Reste une question : comment communiquer sur le i = i tout en invitant les Français à continuer à utiliser le préservatif ? Comment faire comprendre qu’il est possible de ne plus utiliser un préservatif pour faire l’amour avec une personne séropositive tout en disant que la capote reste une arme de prévention majeure face au sida ? « Le message sur le i = i n’est pas incompatible avec un discours de prévention. Le fait de dire qu’une personne séropositive sous traitement ne transmet plus le VIH n’empêche pas de continuer à faire de la prévention, à dire aux gens de ne pas baisser la garde, notamment quand ils ignorent le statut sérologique de leur partenaire.
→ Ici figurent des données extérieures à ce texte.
lemma card_less_image_strict_mono_on:
  fixes b :: "nat \<Rightarrow> 'a::linorder"
  assumes mono: "strict_mono_on {1..n} b" and i: "i \<in> {1..n}"
  shows "card {x\<in>b ` {1..n}. x < b i} = i - 1"
proof -
  have "{x\<in>b ` {1..n}. x < b i} = b ` {1..<i}"
    using i strict_mono_on_less[OF mono _ i] by fastforce
  moreover have "inj_on b {1..<i}"
    using i by (intro inj_on_subset[OF strict_mono_on_imp_inj_on[OF mono]]) auto
  ultimately show ?thesis by (simp add: card_image)
qed

lemma strict_mono_on_image_eq:
  fixes b b' :: "nat \<Rightarrow> 'a::linorder"
  assumes "strict_mono_on {1..n} b" and "strict_mono_on {1..n} b'"
    and eq: "b ` {1..n} = b' ` {1..n}" and i: "i \<in> {1..n}"
  shows "b i = b' i"
proof -
  obtain j where j: "j \<in> {1..n}" "b i = b' j" using eq i by blast
  have "i - 1 = j - 1"
    using card_less_image_strict_mono_on[OF assms(1) i] card_less_image_strict_mono_on[OF assms(2) j(1)]
      eq j(2) by simp
  then have "i = j" using i j(1) by auto
  then show ?thesis using j(2) by simp
qed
Bien sûr que là, le préservatif s’impose », indique Iris Arnuf « Faire baisser les discriminations permet aux gens de se sentir davantage concernés et de saisir de la prévention, ajoute-elle. Et savoir ce que veut dire i = i, c’est une incitation à aller se faire dépister. En disant aux gens que s’ils sont positifs, alors ils auront un traitement efficace pour leur santé qui, en plus, leur permettra de ne plus transmettre le VIH. ».